The skill parses coding sequences into triplet codons and tallies occurrences with Counter. It uses Biopython's CodonAdaptationIndex to train or apply host codon indices and calculates CAI scores. Synonymous bias is assessed by computing RSCU per codon and effective number of codons (Nc). GC content by codon position is computed with GC123.

When to use it

  • Assess how well a gene is adapted to a target host for heterologous expression
  • Compare codon usage between species, strains, or gene sets
  • Detect selection or mutational bias via RSCU and Nc metrics
  • Identify rare codons that may hinder translation or folding
  • Generate optimized coding sequences using host-preferred synonymous codons

Best practices

  • Ensure input sequences are true CDS in the correct reading frame and a multiple of three
  • Train CAI with a representative set of highly expressed reference genes from the target organism
  • Handle nonstandard or N-containing codons explicitly to avoid KeyError during table lookups
  • Report both per-codon frequencies and amino-acid–grouped summaries (RSCU) for interpretation
  • Validate optimized sequences for regulatory motifs, restriction sites, and secondary structure after codon changes

Example use cases

  • Compute codon frequency and RSCU for a viral gene to study host adaptation
  • Train a CAI index from an E. coli high-expression dataset and score recombinant constructs
  • Find rare codons in a human transgene before designing a codon-optimized version for yeast
  • Compare GC3 and Nc across orthologs to infer selection on synonymous sites
  • Produce an expression-optimized CDS by mapping each amino acid to the host preferred codon

FAQ

Do I need a reference set to compute CAI?

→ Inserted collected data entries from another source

lemma log_odds_shift:
  fixes pr u :: real
  assumes "0 < pr" "pr < 1"
  defines "a \<equiv> 1 / (1 + (1 - pr) / pr * exp (- u))"
  shows "0 < a" "a < 1" "ln (a / pr) - ln ((1 - a) / (1 - pr)) = u"
proof -
  define K where "K = (1 - pr) / pr * exp (- u)"
  have K: "0 < K" using assms(1,2) by (simp add: K_def)
  then show a: "0 < a" "a < 1" unfolding a_def K_def[symmetric] by simp_all
  have "1 - a = K * a" unfolding a_def K_def[symmetric] using K by (simp add: field_simps)
  then have "(a / pr) / ((1 - a) / (1 - pr)) = (a / pr) / (K * a / (1 - pr))" by simp
  also have "\<dots> = (1 - pr) / (pr * K)" using assms(1,2) K a by (simp add: field_simps)
  also have "\<dots> = exp u" using assms(1,2) by (simp add: K_def exp_minus field_simps)
  finally have "(a / pr) / ((1 - a) / (1 - pr)) = exp u" .
  moreover have "ln ((a / pr) / ((1 - a) / (1 - pr))) = ln (a / pr) - ln ((1 - a) / (1 - pr))"
    using assms(1,2) a by (intro ln_divide_pos) auto
  ultimately show "ln (a / pr) - ln ((1 - a) / (1 - pr)) = u" by simp
qed
lemma dP_diag_real_perturbation_ge:
  fixes X :: "'a::normed_conjugatable_field vec"
  assumes d: "2 \<le> d" and X: "X \<in> carrier_vec d" and X0: "X $ 0 \<noteq> 0" and c: "0 < c"
    and pos: "\<forall>i<d. 0 < \<sigma> i" and mono: "\<forall>i j. i \<le> j \<longrightarrow> j < d \<longrightarrow> \<sigma> j \<le> \<sigma> i"
  defines "D \<equiv> diag_real d \<sigma> :: 'a mat" and "Y \<equiv> X + of_real c \<cdot>\<^sub>v unit_vec d 1"
  shows "sqrt ((\<sigma> 1 * c)\<^sup>2 * (norm (X $ 0))\<^sup>2
            / ((\<sigma> 0)\<^sup>2 * vec_sq_norm X * (2 * vec_sq_norm X + 2 * c\<^sup>2)))
         \<le> dP (D *\<^sub>v X) (D *\<^sub>v Y)"
proof -
  define U V P where "U = D *\<^sub>v X" and "V = D *\<^sub>v Y" and "P = vec_sq_norm X"
  have s0: "0 < \<sigma> 0" and s1: "0 < \<sigma> 1" using pos d by auto
  have bound: "\<forall>i<d. \<bar>\<sigma> i\<bar> \<le> \<sigma> 0" using pos mono by auto
  have Dc: "D \<in> carrier_mat d d" unfolding D_def by (rule diag_real_carrier)
  have Yc: "Y \<in> carrier_vec d" using X by (simp add: Y_def)
  have Uc: "U \<in> carrier_vec d" and Vc: "V \<in> carrier_vec d"
    using Dc X Yc by (simp_all add: U_def V_def)
  have lower: "(\<sigma> 1 * c)\<^sup>2 * ((\<sigma> 0)\<^sup>2 * (norm (X $ 0))\<^sup>2) \<le> gram_det U V"
    using gram_det_diag_real_perturbation_ge[OF d X] by (simp add: U_def V_def D_def Y_def)
  have nU: "vec_sq_norm U \<le> (\<sigma> 0)\<^sup>2 * P"
    using vec_sq_norm_diag_real_le[OF X bound] by (simp add: U_def D_def P_def)
  have nY: "vec_sq_norm Y \<le> 2 * P + 2 * c\<^sup>2"
    using vec_sq_norm_add_le[OF X, of "of_real c \<cdot>\<^sub>v unit_vec d 1"] d
    by (simp add: Y_def P_def vec_sq_norm_smult_unit_vec)
  have "vec_sq_norm V \<le> (\<sigma> 0)\<^sup>2 * vec_sq_norm Y"
    using vec_sq_norm_diag_real_le[OF Yc bound] by (simp add: V_def D_def)
  also have "\<dots> \<le> (\<sigma> 0)\<^sup>2 * (2 * P + 2 * c\<^sup>2)" using nY by (rule mult_left_mono) simp
  finally have nV: "vec_sq_norm V \<le> (\<sigma> 0)\<^sup>2 * (2 * P + 2 * c\<^sup>2)" .
  have upper: "vec_sq_norm U * vec_sq_norm V \<le> (\<sigma> 0)\<^sup>2 * P * ((\<sigma> 0)\<^sup>2 * (2 * P + 2 * c\<^sup>2))"
    using nU nV by (intro mult_mono) (auto simp: vec_sq_norm_nonneg P_def)
  have lower_pos: "0 < (\<sigma> 1 * c)\<^sup>2 * ((\<sigma> 0)\<^sup>2 * (norm (X $ 0))\<^sup>2)"
    using s0 s1 c X0 by simp
  have "gram_det U V \<le> vec_sq_norm U * vec_sq_norm V" by (simp add: gram_det_def)
  then have "0 < vec_sq_norm U * vec_sq_norm V" using lower lower_pos by linarith
  then have "0 < vec_sq_norm U" "0 < vec_sq_norm V"
    using vec_sq_norm_nonneg[of U] vec_sq_norm_nonneg[of V] by (auto simp: zero_less_mult_iff)
  then have UV0: "U \<noteq> 0\<^sub>v d" "V \<noteq> 0\<^sub>v d"
    using vec_sq_norm_pos_iff[OF Uc] vec_sq_norm_pos_iff[OF Vc] by auto
  have "(\<sigma> 1 * c)\<^sup>2 * (norm (X $ 0))\<^sup>2 / ((\<sigma> 0)\<^sup>2 * P * (2 * P + 2 * c\<^sup>2))
      = (\<sigma> 1 * c)\<^sup>2 * ((\<sigma> 0)\<^sup>2 * (norm (X $ 0))\<^sup>2) / ((\<sigma> 0)\<^sup>2 * P * ((\<sigma> 0)\<^sup>2 * (2 * P + 2 * c\<^sup>2)))"
    by (subst mult_divide_mult_cancel_left[of "(\<sigma> 0)\<^sup>2", symmetric]) (use s0 in \<open>simp_all add: ac_simps\<close>)
  also have "\<dots> \<le> gram_det U V / (vec_sq_norm U * vec_sq_norm V)"
    using lower lower_pos upper \<open>0 < vec_sq_norm U\<close> \<open>0 < vec_sq_norm V\<close>
    by (intro frac_le) auto
  finally have "sqrt ((\<sigma> 1 * c)\<^sup>2 * (norm (X $ 0))\<^sup>2 / ((\<sigma> 0)\<^sup>2 * P * (2 * P + 2 * c\<^sup>2))) \<le> dP U V"
    unfolding dP_eq_gram_det[OF Uc Vc UV0] by (rule real_sqrt_le_mono)
  then show ?thesis by (simp add: U_def V_def P_def)
qed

Yes. CAI requires a codon index derived from highly expressed genes in the target host; generate it with generate_index() or supply a custom index.

What does RSCU tell me that simple codon frequency does not?

RSCU normalizes codon counts by the number of synonymous codons for each amino acid, revealing relative over- or underuse independent of amino acid composition.